• WHAT NEEDS TO BE DONE: Lines that include the string "forall" are the ones to copy from the entries below.

• ENTRIES SHOWN:
(* Let $M\ge1$, $N\ge1$, and let $v_1,\dots,v_N$ be nonzero complex numbers with $v_j^{-2}\neq\beta$ and pairwise distinct $v_j^2$. Then $$\sum_{\{n\}}(-\beta)^{\sum_{j=1}^{M-1}jn_j}\langle\{n\}|\Psi(\{v\}_N)\rangle=\frac{\prod_{j=1}^Nv_j^{N-1}(v_j^{-1}-\beta v_j)^{M+N-2}}{\prod_{1\le j<k\le N}(v_k^2-v_j^2)}\det_N V,$$ where the sum is over all tuples $\{n\}=(n_0,\dots,n_{M-1})$ of nonnegative integers with $\sum_kn_k=N$, and $V$ is the $N\times N$ matrix with entries $$V_{jk}=\sum_{m=0}^{j-1}(-1)^m(-\beta)^{j-N}\binom{M+N-1}{m}(1-\beta v_k^2)^{1-m+j-N}\quad(1\le j\le N-1),$$ $$V_{Nk}=-\sum_{m=\max(N-1,1)}^{M+N-1}(-1)^m\binom{M+N-1}{m}(1-\beta v_k^2)^{1-m}.$$
   Context: Non-Hermitian phase model with parameter $\beta\ne0$. $\mathcal{F}$ is the Fock space with orthonormal basis $|n\rangle$ ($n\ge0$); $\phi|n\rangle=|n-1\rangle$, $\phi|0\rangle=0$, $\phi^\dagger|n\rangle=|n+1\rangle$, $\pi|n\rangle=\delta_{n,0}|n\rangle$. Sites $0,\dots,M-1$ carry $\mathcal{F}_0,\dots,\mathcal{F}_{M-1}$. With $W_a=\mathbb{C}^2$, $\mathcal{L}_{aj}(v)=\begin{pmatrix}v^{-1}-\beta v\pi_j&\phi_j^\dagger\\ \phi_j&v\end{pmatrix}$, $\mathcal{T}_a(v)=\mathcal{L}_{a,M-1}(v)\cdots\mathcal{L}_{a,0}(v)=\begin{pmatrix}\mathcal{A}&\mathcal{B}\\ \mathcal{C}&\mathcal{D}\end{pmatrix}(v)$. $|\Omega\rangle=\otimes_j|0\rangle_j$, $|\Psi(\{v\}_N)\rangle=\prod_{j=1}^N\mathcal{B}(v_j)|\Omega\rangle$, $|\{n\}\rangle=\otimes_{j=0}^{M-1}|n_j\rangle_j$, and $\langle\{n\}|$ is its dual. *)

theory Defs
  imports Complex_Main "Jordan_Normal_Form.Determinant"
begin

text \<open>States of the tensor product of the Fock spaces at sites 0,1,2,...:
  a state is given by its coefficients with respect to the orthonormal basis
  vectors |{n}>, indexed by occupation functions n :: nat => nat.\<close>

type_synonym cstate = "(nat \<Rightarrow> nat) \<Rightarrow> complex"
type_synonym opr = "cstate \<Rightarrow> cstate"

definition vac :: cstate where
  "vac = (\<lambda>n. if n = (\<lambda>_. 0) then 1 else 0)"

definition phi_op :: "nat \<Rightarrow> opr" where
  "phi_op j = (\<lambda>\<psi> n. \<psi> (n(j := n j + 1)))"

definition phid_op :: "nat \<Rightarrow> opr" where
  "phid_op j = (\<lambda>\<psi> n. if 0 < n j then \<psi> (n(j := n j - 1)) else 0)"

definition pi_op :: "nat \<Rightarrow> opr" where
  "pi_op j = (\<lambda>\<psi> n. if n j = 0 then \<psi> n else 0)"

text \<open>2x2 matrices (indices 0,1) with operator entries\<close>
type_synonym omat = "nat \<Rightarrow> nat \<Rightarrow> opr"

definition omat_mult :: "omat \<Rightarrow> omat \<Rightarrow> omat" where
  "omat_mult X Y = (\<lambda>a b \<psi> n. X a 0 (Y 0 b \<psi>) n + X a 1 (Y 1 b \<psi>) n)"

definition omat_id :: omat where
  "omat_id = (\<lambda>a b \<psi> n. if a = b then \<psi> n else 0)"

definition Lax :: "complex \<Rightarrow> complex \<Rightarrow> nat \<Rightarrow> omat" where
  "Lax \<beta> v j = (\<lambda>a b.
     if a = 0 \<and> b = 0 then (\<lambda>\<psi> n. inverse v * \<psi> n - \<beta> * v * pi_op j \<psi> n)
     else if a = 0 then phid_op j
     else if b = 0 then phi_op j
     else (\<lambda>\<psi> n. v * \<psi> n))"

fun monodromy :: "complex \<Rightarrow> nat \<Rightarrow> complex \<Rightarrow> omat" where
  "monodromy \<beta> 0 v = omat_id"
| "monodromy \<beta> (Suc k) v = omat_mult (Lax \<beta> v k) (monodromy \<beta> k v)"

definition Bop :: "complex \<Rightarrow> nat \<Rightarrow> complex \<Rightarrow> opr" where
  "Bop \<beta> M v = monodromy \<beta> M v 0 1"

definition Psi :: "complex \<Rightarrow> nat \<Rightarrow> complex list \<Rightarrow> cstate" where
  "Psi \<beta> M vs = foldr (Bop \<beta> M) vs vac"

text \<open>configurations {n} = (n_0,...,n_{M-1}) with total occupation N
  (extended by zero beyond site M-1)\<close>
definition configs :: "nat \<Rightarrow> nat \<Rightarrow> (nat \<Rightarrow> nat) set" where
  "configs M N = {n. (\<forall>j\<ge>M. n j = 0) \<and> (\<Sum>j<M. n j) = N}"

text \<open>the matrix V (0-based indices: row j0 = j-1, column k0 = k-1)\<close>
definition Vmat :: "complex \<Rightarrow> nat \<Rightarrow> nat \<Rightarrow> (nat \<Rightarrow> complex) \<Rightarrow> complex mat" where
  "Vmat \<beta> M N v = mat N N (\<lambda>(j0, k0).
     let j = j0 + 1; k = k0 + 1 in
     if j \<le> N - 1 then
       (\<Sum>m = 0..j - 1. (-1) ^ m * (-\<beta>) powi (int j - int N)
           * of_nat ((M + N - 1) choose m)
           * (1 - \<beta> * (v k)\<^sup>2) powi (1 - int m + int j - int N))
     else
       - (\<Sum>m = max (N - 1) 1..M + N - 1. (-1) ^ m
           * of_nat ((M + N - 1) choose m) * (1 - \<beta> * (v k)\<^sup>2) powi (1 - int m)))"

end

theory Submission
  imports Defs
begin

text \<open>
  Let \<open>\<Phi>\<^sub>L\<close> be the dual product state with weight \<open>(-\<beta>)\<^bsup>j n\<^sub>j\<^esup>\<close> on the sites
  \<open>j < L\<close> and the vacuum on the sites \<open>j \<ge> L\<close>, so that the left-hand side is the pairing
  of \<open>\<Phi>\<^sub>M\<close> with the Bethe vector. Moving the operators \<open>B(v)\<close> one at a time onto the
  dual side, the transposed monodromy acts site by site, and
  \<open>B(v)\<^sup>T \<Phi>\<^sub>L = (\<Sum>i<L. (-\<beta> v)\<^sup>i b\<^bsup>M-1-i\<^esup> \<Phi>\<^bsub>L-i\<^esub>)\<close> with \<open>b = v\<^sup>-\<^sup>1 - \<beta> v\<close>.
  Iterating over the rapidities gives \<open>\<Prod>j. b\<^sub>j\<^bsup>M-1\<^esup>\<close> times the sum of the complete
  homogeneous symmetric polynomials \<open>h\<^sub>q(\<sigma>\<^sub>1, \<dots>, \<sigma>\<^sub>N)\<close> of degree \<open>q < M\<close>, where
  \<open>\<sigma>\<^sub>j = -\<beta> v\<^sub>j / b\<^sub>j\<close>.

  On the other side, \<open>V\<close> is a lower triangular matrix times a Vandermonde matrix in the nodes
  \<open>y\<^sub>k = (1 - \<beta> v\<^sub>k\<^sup>2)\<^sup>-\<^sup>1 = 1 - \<sigma>\<^sub>k\<close> whose last row is a polynomial \<open>f\<close>. Such a
  determinant is a Vandermonde product times the divided difference \<open>f[y\<^sub>1, \<dots>, y\<^sub>N]\<close>.
  Up to terms of low degree, \<open>f\<close> is a geometric sum in \<open>1 - y\<close>, and the divided
  differences of the monomials \<open>(1 - y)\<^sup>i\<close> are again complete homogeneous polynomials in
  the \<open>\<sigma>\<^sub>k\<close>, which produces the same sum.
\<close>

section \<open>Configurations and the pairing of dual states with states\<close>

lemma configs_zero: "configs M 0 = {\<lambda>_. 0}"
  by (auto simp: configs_def fun_eq_iff) (meson lessThan_iff not_le)

lemma finite_configs [simp]: "finite (configs M P)"
proof (rule finite_subset)
  show "configs M P \<subseteq> {m. \<forall>j. (j \<in> {..<M} \<longrightarrow> m j \<in> {..P}) \<and> (j \<notin> {..<M} \<longrightarrow> m j = 0)}"
    unfolding configs_def by (auto intro: order.trans[OF member_le_sum, of _ "{..<M}"])
qed (rule finite_set_of_finite_funs; simp)

lemma sum_lessThan_fun_upd:
  fixes m :: "nat \<Rightarrow> nat"
  assumes "k < M"
  shows "(\<Sum>j<M. (m(k := x)) j) + m k = (\<Sum>j<M. m j) + x"
proof -
  have "(\<Sum>j<M. (m(k := x)) j) = x + (\<Sum>j\<in>{..<M} - {k}. m j)"
    using assms by (simp add: sum.remove[of _ k])
  moreover have "(\<Sum>j<M. m j) = m k + (\<Sum>j\<in>{..<M} - {k}. m j)"
    using assms by (simp add: sum.remove[of _ k])
  ultimately show ?thesis by simp
qed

• RESULT:
  "configs M N = {n. (\<forall>j\<ge>M. n j = 0) \<and> (\<Sum>j<M. n j) = N}"
  show "configs M P \<subseteq> {m. \<forall>j. (j \<in> {..<M} \<longrightarrow> m j \<in> {..P}) \<and> (j \<notin> {..<M} \<longrightarrow> m j = 0)}"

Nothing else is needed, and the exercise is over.